→ PROBLEM REQUIREMENTS: Go through the data from its first line and retype each line, stopping once the line containing "obtain p where" has been retyped.

(SUPPLIED RECORDS Opens)

lemma ray_to_Suc_eq_iff:
  assumes \<omega>: "\<omega> \<in> boundary E" and \<omega>': "\<omega>' \<in> boundary E"
  shows "ray_to E x \<omega> (Suc n) = ray_to E x \<omega>' (Suc n) \<longleftrightarrow>
    ray_to E (ray_to E x \<omega> n) \<omega> 1 = ray_to E (ray_to E x \<omega> n) \<omega>' 1"
proof
  assume eq: "ray_to E x \<omega> (Suc n) = ray_to E x \<omega>' (Suc n)"
  then have "ray_to E x \<omega> n = ray_to E x \<omega>' n" using ray_to_prefix[OF \<omega> \<omega>' eq] by simp
  then show "ray_to E (ray_to E x \<omega> n) \<omega> 1 = ray_to E (ray_to E x \<omega> n) \<omega>' 1"
    using eq ray_to_add[OF \<omega>, of x n 1] ray_to_add[OF \<omega>', of x n 1] by simp
next
  let ?z = "ray_to E x \<omega> n"
  assume eq: "ray_to E ?z \<omega> 1 = ray_to E ?z \<omega>' 1"
  have "ray_to E x \<omega> (n - 1 + 2) \<noteq> ray_to E x \<omega> (n - 1)" using ray_to_no_backtrack[OF \<omega>] .
  then have "0 < n \<Longrightarrow> ray_to E x \<omega> (n - 1) \<noteq> ray_to E ?z \<omega>' 1"
    using eq ray_to_add[OF \<omega>, of x n 1] by (simp add: Suc_diff_Suc numeral_2_eq_2)
  from ray_to_append[OF \<omega>' is_ray_walk[OF is_ray_ray_to[OF \<omega>]]
      is_ray_nonbacktracking[OF is_ray_ray_to[OF \<omega>]] refl this, of "Suc n"]
  have "ray_to E x \<omega>' (Suc n) = ray_to E ?z \<omega>' 1" using \<omega> by simp
  then show "ray_to E x \<omega> (Suc n) = ray_to E x \<omega>' (Suc n)" using eq ray_to_add[OF \<omega>, of x n 1] by simp
qed

lemma in_S_imp_ray_to_diverge:
  assumes \<omega>: "\<omega> \<in> boundary E" and \<omega>': "\<omega>' \<in> boundary E" and S: "in_S E n x \<omega> \<omega>'"
  shows "ray_to E x \<omega> (Suc n) \<noteq> ray_to E x \<omega>' (Suc n)"
proof -
  obtain z where z: "z \<in> geod E \<omega> \<omega>'" "tdist E x z \<le> n" using S unfolding in_S_def by blast
  have diverge: "ray_to E z \<omega> 1 \<noteq> ray_to E z \<omega>' 1" using z(1) mem_geod_iff[OF \<omega>' \<omega>] by simp
  define d where "d = tdist E x z"
  obtain p where p: "walk E p d" "nonbacktracking p d" "p 0 = x" "p d = z"
    unfolding d_def by (rule obtain_geodesic)
  show ?thesis
  proof
    assume eq: "ray_to E x \<omega> (Suc n) = ray_to E x \<omega>' (Suc n)"
    have "ray_to E x \<omega> d = z \<or> ray_to E x \<omega>' d = z"
    proof (cases "p (d - 1) = ray_to E z \<omega> 1")
      case True
      then have "0 < d \<Longrightarrow> p (d - 1) \<noteq> ray_to E z \<omega>' 1" using diverge by simp
      from ray_to_append[OF \<omega>' p(1,2,4) this, of d] show ?thesis using p(3,4) by simp
    next
      case False
      from ray_to_append[OF \<omega> p(1,2,4), of d] False show ?thesis using p(3,4) by simp
    qed
    moreover have "ray_to E x \<omega> d = ray_to E x \<omega>' d" "ray_to E x \<omega> (d + 1) = ray_to E x \<omega>' (d + 1)"
      using ray_to_prefix[OF \<omega> \<omega>' eq] z(2) unfolding d_def by auto
    ultimately show False
      using diverge ray_to_add[OF \<omega>, of x d 1] ray_to_add[OF \<omega>', of x d 1] by auto
  qed
qed

lemma ray_to_diverge_imp_in_S:
  assumes \<omega>: "\<omega> \<in> boundary E" and \<omega>': "\<omega>' \<in> boundary E"
    and ne: "ray_to E x \<omega> (Suc n) \<noteq> ray_to E x \<omega>' (Suc n)"
  shows "in_S E n x \<omega> \<omega>'"
proof -
  define m where "m = (LEAST m. ray_to E x \<omega> (Suc m) \<noteq> ray_to E x \<omega>' (Suc m))"
  have m: "ray_to E x \<omega> (Suc m) \<noteq> ray_to E x \<omega>' (Suc m)" "m \<le> n"
    unfolding m_def
    by (rule LeastI[where P = "\<lambda>m. ray_to E x \<omega> (Suc m) \<noteq> ray_to E x \<omega>' (Suc m)", OF ne],
        rule Least_le, rule ne)
  have "ray_to E x \<omega> m = ray_to E x \<omega>' m"
  proof (cases m)
    case (Suc m')
    then show ?thesis using not_less_Least[of m' "\<lambda>m. ray_to E x \<omega> (Suc m) \<noteq> ray_to E x \<omega>' (Suc m)"]
      unfolding m_def[symmetric] by simp
  qed (use \<omega> \<omega>' in simp)
  then have "ray_to E x \<omega> m \<in> geod E \<omega> \<omega>'"
    using m(1) mem_geod_iff[OF \<omega>' \<omega>] ray_to_add[OF \<omega>, of x m 1] ray_to_add[OF \<omega>', of x m 1] by simp
  moreover have "tdist E x (ray_to E x \<omega> m) \<le> n" using tdist_ray_to[OF \<omega>] m(2) by simp
  moreover have "\<omega> \<noteq> \<omega>'" using ne by auto
  ultimately show ?thesis unfolding in_S_def by blast
qed

lemma in_S_iff:
  "\<omega> \<in> boundary E \<Longrightarrow> \<omega>' \<in> boundary E \<Longrightarrow>
   in_S E n x \<omega> \<omega>' \<longleftrightarrow> ray_to E x \<omega> (Suc n) \<noteq> ray_to E x \<omega>' (Suc n)"
  using in_S_imp_ray_to_diverge ray_to_diverge_imp_in_S by blast

lemma shift_sum_eq:
  assumes \<omega>: "\<omega> \<in> boundary E"
  shows "shift_sum E n a z \<omega> = (\<Sum>y\<in>{y. ray_to E y \<omega> n = z}. a y \<omega>)"
proof -
  have "tdist E y z = n \<and> z \<in> rayset E y \<omega> \<longleftrightarrow> ray_to E y \<omega> n = z" for y
  proof
    assume "tdist E y z = n \<and> z \<in> rayset E y \<omega>"
    then obtain i where "z = ray_to E y \<omega> i" "tdist E y z = n" unfolding rayset_def by blast
    then show "ray_to E y \<omega> n = z" using tdist_ray_to[OF \<omega>] by simp
  next
    assume "ray_to E y \<omega> n = z"
    then show "tdist E y z = n \<and> z \<in> rayset E y \<omega>"
      using tdist_ray_to[OF \<omega>] unfolding rayset_def by blast
  qed
  then show ?thesis unfolding shift_sum_def by simp
qed

lemma finite_ray_to_preimage:
  assumes "\<omega> \<in> boundary E"
  shows "finite {y. ray_to E y \<omega> n = z}"
proof (rule finite_subset[OF _ finite_tdist_ball[of z n]])
  show "{y. ray_to E y \<omega> n = z} \<subseteq> {y. tdist E z y \<le> n}"
  proof
    fix y assume "y \<in> {y. ray_to E y \<omega> n = z}"
    then have "tdist E y z = n" using tdist_ray_to[OF assms, of y n] by simp
    then show "y \<in> {y. tdist E z y \<le> n}" using tdist_sym by simp
  qed
qed

lemma loc_const_ray_to_indicator:
  assumes "loc_const E f"
  shows "loc_const E (\<lambda>\<omega>. if ray_to E x \<omega> k = y then f \<omega> else 0)"
proof (rule loc_const_ray_to_comp[where f = "\<lambda>v \<omega>. if v = y then f \<omega> else 0"])
  show "loc_const E (\<lambda>\<omega>. if v = y then f \<omega> else 0)" for v
    using assms loc_const_const by (cases "v = y") simp_all
qed

lemma loc_const_shift_sum:
  assumes "\<And>y. loc_const E (a y)"
  shows "loc_const E (shift_sum E n a z)"
proof (rule loc_const_cong)
  let ?Y = "{y. tdist E z y \<le> n}"
  show "loc_const E (\<lambda>\<omega>. \<Sum>y\<in>?Y. if ray_to E y \<omega> n = z then a y \<omega> else 0)"
    by (rule loc_const_sum[OF finite_tdist_ball loc_const_ray_to_indicator[OF assms]])
  fix \<omega> assume \<omega>: "\<omega> \<in> boundary E"
  have "{y. ray_to E y \<omega> n = z} = {y \<in> ?Y. ray_to E y \<omega> n = z}"
    using tdist_ray_to[OF \<omega>] tdist_sym by auto
  then show "(\<Sum>y\<in>?Y. if ray_to E y \<omega> n = z then a y \<omega> else 0) = shift_sum E n a z \<omega>"
    unfolding shift_sum_eq[OF \<omega>] by (simp only: sum.inter_filter[OF finite_tdist_ball])
qed

text \<open>Pairs \<open>(\<omega>, \<omega>')\<close> whose rays from \<open>x\<close> agree for \<open>k\<close> steps: a finite union of products of
  cones.\<close>

lemma separable_ray_to_agree:
  assumes "loc_const E f"
  shows "separable E (\<lambda>\<omega> \<omega>'. if ray_to E x \<omega> k = ray_to E x \<omega>' k then f \<omega> else 0)"
proof (rule separable_cong)
  let ?Y = "{y. tdist E x y \<le> k}"
  show "separable E (\<lambda>\<omega> \<omega>'. \<Sum>y\<in>?Y. (if ray_to E x \<omega> k = y then f \<omega> else 0) *
      (if ray_to E x \<omega>' k = y then 1 else 0))"
    by (intro separable_sum[OF finite_tdist_ball] separable_product loc_const_ray_to_indicator
        assms loc_const_const)
  fix \<omega> \<omega>' assume \<omega>: "\<omega> \<in> boundary E" and "\<omega>' \<in> boundary E"
  have "(\<Sum>y\<in>?Y. (if ray_to E x \<omega> k = y then f \<omega> else 0) * (if ray_to E x \<omega>' k = y then 1 else 0))
      = (\<Sum>y\<in>?Y. if ray_to E x \<omega> k = y
          then f \<omega> * (if ray_to E x \<omega>' k = ray_to E x \<omega> k then 1 else 0) else 0)"
    by (rule sum.cong[OF refl]) auto
  also have "\<dots> = f \<omega> * (if ray_to E x \<omega>' k = ray_to E x \<omega> k then 1 else 0)"
    using tdist_ray_to[OF \<omega>] finite_tdist_ball by simp
  finally show "(\<Sum>y\<in>?Y. (if ray_to E x \<omega> k = y then f \<omega> else 0) * (if ray_to E x \<omega>' k = y then 1 else 0))
      = (if ray_to E x \<omega> k = ray_to E x \<omega>' k then f \<omega> else 0)" by auto
qed

lemma separable_ray_to_differ:
  assumes "loc_const E f"
  shows "separable E (\<lambda>\<omega> \<omega>'. if ray_to E x \<omega> k = ray_to E x \<omega>' k then 0 else f \<omega>)"
  by (rule separable_cong[OF separable_add[OF separable_left[OF assms]
        separable_scale[OF separable_ray_to_agree[OF assms, where x = x and k = k], of "- 1"]]]) simp

lemma poisson_pair_ray_to:
  assumes \<omega>: "\<omega> \<in> boundary E" and \<omega>': "\<omega>' \<in> boundary E" and eq: "ray_to E x \<omega>' n = ray_to E x \<omega> n"
  shows "poisson q E o' s x \<omega> * poisson q E o' (- cnj s') x \<omega>' =
    exp (- of_nat n * (1 + \<i> * s - \<i> * cnj s') * of_real (ln (real q))) *
    (poisson q E o' s (ray_to E x \<omega> n) \<omega> * poisson q E o' (- cnj s') (ray_to E x \<omega> n) \<omega>')"
proof -
  have h: "horo E o' x \<omega> = horo E o' (ray_to E x \<omega> n) \<omega> - int n"
    "horo E o' x \<omega>' = horo E o' (ray_to E x \<omega> n) \<omega>' - int n"
    using horo_ray_to[OF \<omega>] horo_ray_to[OF \<omega>', of o' x n] eq by simp_all
  show ?thesis unfolding poisson_def h by (simp add: algebra_simps flip: exp_add)
qed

(SUPPLIED RECORDS Closes)

→ WRITTEN RESPONSE:
lemma ray_to_Suc_eq_iff:
  assumes \<omega>: "\<omega> \<in> boundary E" and \<omega>': "\<omega>' \<in> boundary E"
  shows "ray_to E x \<omega> (Suc n) = ray_to E x \<omega>' (Suc n) \<longleftrightarrow>
    ray_to E (ray_to E x \<omega> n) \<omega> 1 = ray_to E (ray_to E x \<omega> n) \<omega>' 1"
proof
  assume eq: "ray_to E x \<omega> (Suc n) = ray_to E x \<omega>' (Suc n)"
  then have "ray_to E x \<omega> n = ray_to E x \<omega>' n" using ray_to_prefix[OF \<omega> \<omega>' eq] by simp
  then show "ray_to E (ray_to E x \<omega> n) \<omega> 1 = ray_to E (ray_to E x \<omega> n) \<omega>' 1"
    using eq ray_to_add[OF \<omega>, of x n 1] ray_to_add[OF \<omega>', of x n 1] by simp
next
  let ?z = "ray_to E x \<omega> n"
  assume eq: "ray_to E ?z \<omega> 1 = ray_to E ?z \<omega>' 1"
  have "ray_to E x \<omega> (n - 1 + 2) \<noteq> ray_to E x \<omega> (n - 1)" using ray_to_no_backtrack[OF \<omega>] .
  then have "0 < n \<Longrightarrow> ray_to E x \<omega> (n - 1) \<noteq> ray_to E ?z \<omega>' 1"
    using eq ray_to_add[OF \<omega>, of x n 1] by (simp add: Suc_diff_Suc numeral_2_eq_2)
  from ray_to_append[OF \<omega>' is_ray_walk[OF is_ray_ray_to[OF \<omega>]]
      is_ray_nonbacktracking[OF is_ray_ray_to[OF \<omega>]] refl this, of "Suc n"]
  have "ray_to E x \<omega>' (Suc n) = ray_to E ?z \<omega>' 1" using \<omega> by simp
  then show "ray_to E x \<omega> (Suc n) = ray_to E x \<omega>' (Suc n)" using eq ray_to_add[OF \<omega>, of x n 1] by simp
qed

lemma in_S_imp_ray_to_diverge:
  assumes \<omega>: "\<omega> \<in> boundary E" and \<omega>': "\<omega>' \<in> boundary E" and S: "in_S E n x \<omega> \<omega>'"
  shows "ray_to E x \<omega> (Suc n) \<noteq> ray_to E x \<omega>' (Suc n)"
proof -
  obtain z where z: "z \<in> geod E \<omega> \<omega>'" "tdist E x z \<le> n" using S unfolding in_S_def by blast
  have diverge: "ray_to E z \<omega> 1 \<noteq> ray_to E z \<omega>' 1" using z(1) mem_geod_iff[OF \<omega>' \<omega>] by simp
  define d where "d = tdist E x z"
  obtain p where p: "walk E p d" "nonbacktracking p d" "p 0 = x" "p d = z"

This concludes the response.